== Segment start ==

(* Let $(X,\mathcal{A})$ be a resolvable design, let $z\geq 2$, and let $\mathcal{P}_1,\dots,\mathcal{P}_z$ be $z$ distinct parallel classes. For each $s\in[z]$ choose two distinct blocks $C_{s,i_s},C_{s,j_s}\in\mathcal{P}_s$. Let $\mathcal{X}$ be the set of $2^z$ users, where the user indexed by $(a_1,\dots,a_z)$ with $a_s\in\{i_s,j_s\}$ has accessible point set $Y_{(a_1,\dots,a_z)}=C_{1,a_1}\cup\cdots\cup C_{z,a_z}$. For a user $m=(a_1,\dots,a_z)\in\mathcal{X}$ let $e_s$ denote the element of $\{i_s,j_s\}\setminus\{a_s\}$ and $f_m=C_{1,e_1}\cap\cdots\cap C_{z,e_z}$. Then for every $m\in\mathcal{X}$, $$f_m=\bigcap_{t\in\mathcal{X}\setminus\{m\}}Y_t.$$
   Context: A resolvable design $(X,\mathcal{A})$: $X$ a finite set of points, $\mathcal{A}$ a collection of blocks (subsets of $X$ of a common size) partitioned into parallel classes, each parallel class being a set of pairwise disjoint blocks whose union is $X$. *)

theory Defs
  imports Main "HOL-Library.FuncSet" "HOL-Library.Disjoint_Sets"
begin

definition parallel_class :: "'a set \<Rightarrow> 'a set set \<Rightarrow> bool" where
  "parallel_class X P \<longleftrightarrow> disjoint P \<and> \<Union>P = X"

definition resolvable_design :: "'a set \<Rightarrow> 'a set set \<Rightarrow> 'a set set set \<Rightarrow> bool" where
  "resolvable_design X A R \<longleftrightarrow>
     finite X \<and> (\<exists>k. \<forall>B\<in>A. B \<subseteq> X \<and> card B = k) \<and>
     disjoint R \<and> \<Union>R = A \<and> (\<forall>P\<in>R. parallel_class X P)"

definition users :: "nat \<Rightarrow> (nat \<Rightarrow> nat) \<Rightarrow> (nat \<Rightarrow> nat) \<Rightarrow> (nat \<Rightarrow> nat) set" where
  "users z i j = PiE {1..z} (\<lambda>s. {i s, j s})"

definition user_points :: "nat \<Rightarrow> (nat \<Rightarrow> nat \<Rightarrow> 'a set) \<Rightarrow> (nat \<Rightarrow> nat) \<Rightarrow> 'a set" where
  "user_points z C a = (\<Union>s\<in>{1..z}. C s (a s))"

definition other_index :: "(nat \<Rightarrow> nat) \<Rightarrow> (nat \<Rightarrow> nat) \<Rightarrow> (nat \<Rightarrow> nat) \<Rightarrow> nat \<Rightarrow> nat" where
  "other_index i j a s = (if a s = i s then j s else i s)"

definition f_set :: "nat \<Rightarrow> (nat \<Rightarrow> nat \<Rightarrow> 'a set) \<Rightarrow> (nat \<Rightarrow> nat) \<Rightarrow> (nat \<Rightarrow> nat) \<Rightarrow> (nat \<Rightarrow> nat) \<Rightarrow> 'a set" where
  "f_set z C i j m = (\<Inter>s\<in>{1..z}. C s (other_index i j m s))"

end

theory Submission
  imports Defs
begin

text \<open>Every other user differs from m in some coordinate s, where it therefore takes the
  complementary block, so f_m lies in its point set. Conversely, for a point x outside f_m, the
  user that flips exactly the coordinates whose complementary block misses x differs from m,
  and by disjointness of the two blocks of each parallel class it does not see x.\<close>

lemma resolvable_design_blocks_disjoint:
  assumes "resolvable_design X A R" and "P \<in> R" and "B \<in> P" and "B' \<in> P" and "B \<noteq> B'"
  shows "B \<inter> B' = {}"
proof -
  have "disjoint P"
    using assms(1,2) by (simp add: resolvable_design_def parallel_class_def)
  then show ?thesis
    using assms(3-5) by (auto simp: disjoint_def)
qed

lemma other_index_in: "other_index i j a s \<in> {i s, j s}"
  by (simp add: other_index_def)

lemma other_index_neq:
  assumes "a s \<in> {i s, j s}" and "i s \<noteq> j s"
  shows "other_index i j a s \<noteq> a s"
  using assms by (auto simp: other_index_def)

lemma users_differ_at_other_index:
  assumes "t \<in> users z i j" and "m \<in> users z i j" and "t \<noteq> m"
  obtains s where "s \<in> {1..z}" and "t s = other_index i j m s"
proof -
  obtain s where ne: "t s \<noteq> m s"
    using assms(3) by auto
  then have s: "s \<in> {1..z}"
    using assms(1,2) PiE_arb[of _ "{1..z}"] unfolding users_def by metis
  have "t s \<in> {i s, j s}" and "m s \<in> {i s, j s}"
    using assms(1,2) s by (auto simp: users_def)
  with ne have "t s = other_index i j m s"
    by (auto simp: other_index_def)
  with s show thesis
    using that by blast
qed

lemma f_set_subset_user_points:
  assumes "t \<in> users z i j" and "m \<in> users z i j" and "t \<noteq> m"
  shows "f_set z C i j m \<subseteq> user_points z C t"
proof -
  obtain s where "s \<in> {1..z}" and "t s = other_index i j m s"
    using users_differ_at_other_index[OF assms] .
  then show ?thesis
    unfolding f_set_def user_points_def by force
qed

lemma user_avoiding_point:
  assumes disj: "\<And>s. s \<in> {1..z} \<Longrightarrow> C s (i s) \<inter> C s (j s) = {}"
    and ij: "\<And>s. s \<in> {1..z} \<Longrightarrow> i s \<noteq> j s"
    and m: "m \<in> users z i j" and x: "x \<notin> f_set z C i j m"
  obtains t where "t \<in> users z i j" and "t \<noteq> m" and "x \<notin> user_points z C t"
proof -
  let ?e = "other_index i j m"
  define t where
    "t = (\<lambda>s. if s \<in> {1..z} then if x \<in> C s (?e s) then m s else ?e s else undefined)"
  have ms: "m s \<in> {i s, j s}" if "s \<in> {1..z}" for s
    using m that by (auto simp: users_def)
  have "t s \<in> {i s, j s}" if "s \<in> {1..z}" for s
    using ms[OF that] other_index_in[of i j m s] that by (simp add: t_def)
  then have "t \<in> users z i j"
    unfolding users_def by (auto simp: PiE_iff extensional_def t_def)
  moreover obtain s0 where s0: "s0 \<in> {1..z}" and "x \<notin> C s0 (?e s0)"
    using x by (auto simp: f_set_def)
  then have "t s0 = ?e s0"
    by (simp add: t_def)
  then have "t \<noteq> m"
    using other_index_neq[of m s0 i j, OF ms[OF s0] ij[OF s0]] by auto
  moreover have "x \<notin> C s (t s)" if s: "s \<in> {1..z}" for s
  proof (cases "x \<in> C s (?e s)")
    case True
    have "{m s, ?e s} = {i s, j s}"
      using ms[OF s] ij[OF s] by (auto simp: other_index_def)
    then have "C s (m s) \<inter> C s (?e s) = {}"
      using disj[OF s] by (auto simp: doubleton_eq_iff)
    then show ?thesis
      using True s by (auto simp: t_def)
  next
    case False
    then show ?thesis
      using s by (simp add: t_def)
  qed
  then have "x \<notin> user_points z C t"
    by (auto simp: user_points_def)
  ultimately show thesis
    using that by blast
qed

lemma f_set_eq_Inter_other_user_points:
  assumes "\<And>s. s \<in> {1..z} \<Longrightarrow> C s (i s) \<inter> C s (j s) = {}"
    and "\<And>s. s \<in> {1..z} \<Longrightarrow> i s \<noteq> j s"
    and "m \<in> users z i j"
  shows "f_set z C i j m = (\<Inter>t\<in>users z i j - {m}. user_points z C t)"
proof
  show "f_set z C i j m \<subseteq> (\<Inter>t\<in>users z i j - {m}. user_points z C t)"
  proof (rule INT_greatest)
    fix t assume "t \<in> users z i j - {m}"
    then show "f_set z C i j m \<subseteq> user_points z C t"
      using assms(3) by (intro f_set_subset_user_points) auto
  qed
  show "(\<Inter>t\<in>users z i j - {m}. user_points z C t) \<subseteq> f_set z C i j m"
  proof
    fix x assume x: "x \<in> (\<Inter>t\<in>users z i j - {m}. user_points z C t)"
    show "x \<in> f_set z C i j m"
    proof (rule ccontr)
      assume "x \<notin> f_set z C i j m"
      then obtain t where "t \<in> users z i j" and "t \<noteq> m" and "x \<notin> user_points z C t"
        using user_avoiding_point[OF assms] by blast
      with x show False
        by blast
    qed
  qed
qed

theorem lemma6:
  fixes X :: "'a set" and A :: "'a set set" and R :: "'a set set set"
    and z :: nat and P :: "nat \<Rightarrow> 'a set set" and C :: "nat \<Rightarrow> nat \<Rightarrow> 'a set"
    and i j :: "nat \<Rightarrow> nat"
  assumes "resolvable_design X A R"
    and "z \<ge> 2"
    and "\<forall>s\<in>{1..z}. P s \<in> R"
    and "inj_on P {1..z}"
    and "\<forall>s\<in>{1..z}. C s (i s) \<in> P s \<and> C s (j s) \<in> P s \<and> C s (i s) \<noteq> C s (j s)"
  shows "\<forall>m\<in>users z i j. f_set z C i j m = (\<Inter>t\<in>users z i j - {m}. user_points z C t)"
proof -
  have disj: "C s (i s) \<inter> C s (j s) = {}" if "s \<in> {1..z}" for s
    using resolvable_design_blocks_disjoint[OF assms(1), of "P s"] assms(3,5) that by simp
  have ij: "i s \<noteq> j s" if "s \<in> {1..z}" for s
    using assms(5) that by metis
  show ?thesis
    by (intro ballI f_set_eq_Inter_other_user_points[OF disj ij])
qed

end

== Segment end ==

- _The problem_
Throughout the records above, find the lines in which the word "metis" appears and return them.

- _Output of the exercise_
    using assms(1,2) PiE_arb[of _ "{1..z}"] unfolding users_def by metis
    using assms(5) that by metis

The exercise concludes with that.